Defensins are a family of microbicidal and cytotoxic peptides thought to be involved in host defense. They are abundant in the granules of neutrophils and also found in the epithelia of mucosal surfaces such as those of the intestine, respiratory tract, urinary tract, and vagina. Members of the defensin family are highly similar in protein sequence and distinguished by a conserved cysteine motif. Several alpha defensin genes are clustered on chromosome 8. The protein encoded by this gene, defensin, alpha 1, is found in the microbicidal granules of neutrophils and likely plays a role in phagocyte-mediated host defense. It differs from the defensins, alpha 2 and alpha 3 by only one amino acid.

== Biosynthesis ==

HNPs are generated as 94 amino acids preproHNPs, which are co-translationally cleaved to 75 amino acids pro-peptides with a N-terminal prosegment having a negative charge that neutralizes the highly positively charged C terminal peptide. Processing of proHNPs occurs mainly in late promyelocytes, where the 75 amino acids proHNPs are cleaved to a 56 amino acids intermediate form and onward to 29-30 amino acids mature peptides designated HNPs.

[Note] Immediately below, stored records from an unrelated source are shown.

(* Let $\mathcal V\subset(\mathbb{R}\cup\{-\infty\})^n$ be a finite set of vectors, none identically $-\infty$, such that for each $l\in[n]$ there is $v\in\mathcal V$ with $v_l\neq-\infty$, and let $\mathcal V=\bigcup_{i\in[n]}\mathcal V_i$ be a partition into nonempty sets. For $i\in[n]$ define $T^{\mathrm{ty},i}$ by $$T^{\mathrm{ty},i}_l(x)=\begin{cases}\inf_{v\in\mathcal V_i,\,v_i\neq-\infty}\{-v_i+\max_{j\neq i}(v_j+x_j)\}, & l=i,\\ \inf_{v\in\mathcal V_i,\,v_l\neq-\infty}\{-v_l+v_i\}+x_i, & l\neq i,\end{cases}$$ and let $T^{\mathrm{ty}}_l(x)=\min_{i\in[n]}T^{\mathrm{ty},i}_l(x)$. Then $$\min_{a}\max_{i\in[n]}\operatorname{dist}_H(\mathcal V_i,\mathcal H^i_a)=-\rho(T^{\mathrm{ty}}),$$ where the minimum is over $a\in(\mathbb{R}\cup\{-\infty\})^n$ not identically $-\infty$, and the minimum is achieved by any such $a$ with $T^{\mathrm{ty}}(a)\ge\rho(T^{\mathrm{ty}})+a$.
   Context: $-\infty+c=-\infty$, $\max\emptyset=-\infty$, $\inf\emptyset=+\infty$. For $i\in[n]$, $\mathcal H^i_a=\{y\in(\mathbb{R}\cup\{-\infty\})^n: a_i+y_i=\max_{j\neq i}(a_j+y_j)\}$. Hilbert's projective metric $d(x,y)=\inf\{\lambda-\mu:\lambda,\mu\in\mathbb{R},\ \mu+y_l\le x_l\le\lambda+y_l\ \forall l\}\in[0,+\infty]$; $\operatorname{dist}_H(A,B)=\sup_{x\in A}\inf_{y\in B}d(x,y)$. $\rho(T)=\sup\{\lambda\in\mathbb{R}\cup\{-\infty\}:\exists u\not\equiv-\infty,\ T(u)=\lambda+u\}$. *)

theory Defs
  imports "HOL-Analysis.Analysis" "HOL-Library.Extended_Real"
begin

text \<open>Vectors in (R \<union> {-\<infinity>})^n, with index set the finite type 'n.
  We use ereal and require that no coordinate is +\<infinity>.\<close>

definition tvec :: "('n \<Rightarrow> ereal) \<Rightarrow> bool" where
  "tvec x \<longleftrightarrow> (\<forall>l. x l \<noteq> \<infinity>)"

definition allneg :: "'n \<Rightarrow> ereal" where
  "allneg = (\<lambda>_. - \<infinity>)"

definition hyp :: "'n \<Rightarrow> ('n \<Rightarrow> ereal) \<Rightarrow> ('n \<Rightarrow> ereal) set" where
  "hyp i a = {y. tvec y \<and> a i + y i = Sup {a j + y j | j. j \<noteq> i}}"

text \<open>Hilbert's projective metric (Inf of empty set = +\<infinity>).\<close>
definition hilbert_d :: "('n \<Rightarrow> ereal) \<Rightarrow> ('n \<Rightarrow> ereal) \<Rightarrow> ereal" where
  "hilbert_d x y = Inf {ereal (lam - mu) | lam mu.
      \<forall>l. ereal mu + y l \<le> x l \<and> x l \<le> ereal lam + y l}"

definition distH :: "('n \<Rightarrow> ereal) set \<Rightarrow> ('n \<Rightarrow> ereal) set \<Rightarrow> ereal" where
  "distH A B = (SUP x\<in>A. INF y\<in>B. hilbert_d x y)"

definition spec_rad :: "(('n \<Rightarrow> ereal) \<Rightarrow> ('n \<Rightarrow> ereal)) \<Rightarrow> ereal" where
  "spec_rad T = Sup {lam. lam \<noteq> \<infinity> \<and>
      (\<exists>u. tvec u \<and> u \<noteq> allneg \<and> T u = (\<lambda>l. lam + u l))}"

definition Tty_i :: "('n \<Rightarrow> ('n \<Rightarrow> ereal) set) \<Rightarrow> 'n \<Rightarrow> ('n \<Rightarrow> ereal) \<Rightarrow> ('n \<Rightarrow> ereal)" where
  "Tty_i V i x = (\<lambda>l.
     if l = i then
       Inf {- v i + Sup {v j + x j | j. j \<noteq> i} | v. v \<in> V i \<and> v i \<noteq> - \<infinity>}
     else
       Inf {- v l + v i | v. v \<in> V i \<and> v l \<noteq> - \<infinity>} + x i)"

definition Tty :: "('n \<Rightarrow> ('n \<Rightarrow> ereal) set) \<Rightarrow> ('n \<Rightarrow> ereal) \<Rightarrow> ('n \<Rightarrow> ereal)" where
  "Tty V x = (\<lambda>l. INF i. Tty_i V i x l)"

end

theory Submission
  imports Defs
begin

text \<open>In the coordinates \<open>y = exp x\<close> the operator \<open>T\<^sup>t\<^sup>y\<close> becomes a continuous, monotone and
  positively homogeneous self-map of the nonnegative orthant. A Perron--Frobenius argument
  (Brouwer's theorem for a perturbed, normalised map, then a compactness limit) gives it a
  nonnegative eigenvector whose eigenvalue bounds every subeigenvalue (Collatz--Wielandt). Back in
  log coordinates this eigenvalue is \<open>\<rho>(T\<^sup>t\<^sup>y)\<close>, and it is attained by an eigenvector.

  On the other side, for \<open>d \<ge> 0\<close> a point \<open>v\<close> lies within Hilbert distance \<open>d\<close> of \<open>H\<^sup>i\<^sub>a\<close>
  exactly when the \<open>i\<close>-th entry of \<open>a + v\<close> is within \<open>d\<close> of the maximum of its other entries, and
  these conditions for all \<open>v \<in> V\<^sub>i\<close> say precisely that \<open>-d + a \<le> T\<^sup>t\<^sup>y\<^sup>,\<^sup>i(a)\<close>. Hence
  \<open>max\<^sub>i dist\<^sub>H(V\<^sub>i, H\<^sup>i\<^sub>a) \<le> d\<close> iff \<open>-d\<close> is a subeigenvalue of \<open>T\<^sup>t\<^sup>y\<close> at \<open>a\<close>. This yields the lower
  bound \<open>-\<rho>(T\<^sup>t\<^sup>y)\<close>, equality whenever \<open>\<rho>(T\<^sup>t\<^sup>y) + a \<le> T\<^sup>t\<^sup>y(a)\<close>, and thus attainment at the
  eigenvector.\<close>

lemma continuous_on_Min_image:
  fixes f :: "'k \<Rightarrow> 'a::topological_space \<Rightarrow> real"
  assumes "finite K" "K \<noteq> {}" "\<And>k. k \<in> K \<Longrightarrow> continuous_on S (f k)"
  shows "continuous_on S (\<lambda>y. Min ((\<lambda>k. f k y) ` K))"
  using assms
proof (induction K rule: finite_ne_induct)
  case (insert k K)
  then have "continuous_on S (\<lambda>y. min (f k y) (Min ((\<lambda>k. f k y) ` K)))"
    by (intro continuous_on_min) auto
  then show ?case
    using insert by (simp add: Min_insert)
qed simp

lemma continuous_on_Max_insert_0_image:
  fixes f :: "'k \<Rightarrow> 'a::topological_space \<Rightarrow> real"
  assumes "finite K" "\<And>k. k \<in> K \<Longrightarrow> continuous_on S (f k)"
  shows "continuous_on S (\<lambda>y. Max (insert 0 ((\<lambda>k. f k y) ` K)))"
  using assms
proof (induction K rule: finite_induct)
  case (insert k K)
  then have "continuous_on S (\<lambda>y. max (f k y) (Max (insert 0 ((\<lambda>k. f k y) ` K))))"
    by (intro continuous_on_max) auto
  moreover have "insert 0 (insert (f k y) A) = insert (f k y) (insert 0 A)" for y A
    by auto
  ultimately show ?case
    using insert by (simp add: Max_insert)
qed simp

lemma Min_image_mono:
  fixes f g :: "'a \<Rightarrow> 'b::linorder"
  assumes "finite K" "K \<noteq> {}" "\<And>k. k \<in> K \<Longrightarrow> f k \<le> g k"
  shows "(MIN k\<in>K. f k) \<le> (MIN k\<in>K. g k)"
  using assms by (auto simp: Min_le_iff intro: order.trans)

Cationic 29-30 amino acids HNPs associate with the negatively charged proteoglycan serglycin and translocate to azurophil granules. At later stages of granulocytic differentiation in which HNP expression peaks (i.e. myelocytes and metamyelocytes), proHNPs are not cleaved, rendering the peptides overall neutral. This prevents binding to serglycin and most proHNP is accordingly secreted into the bone marrow plasma although some is retained in specific granules.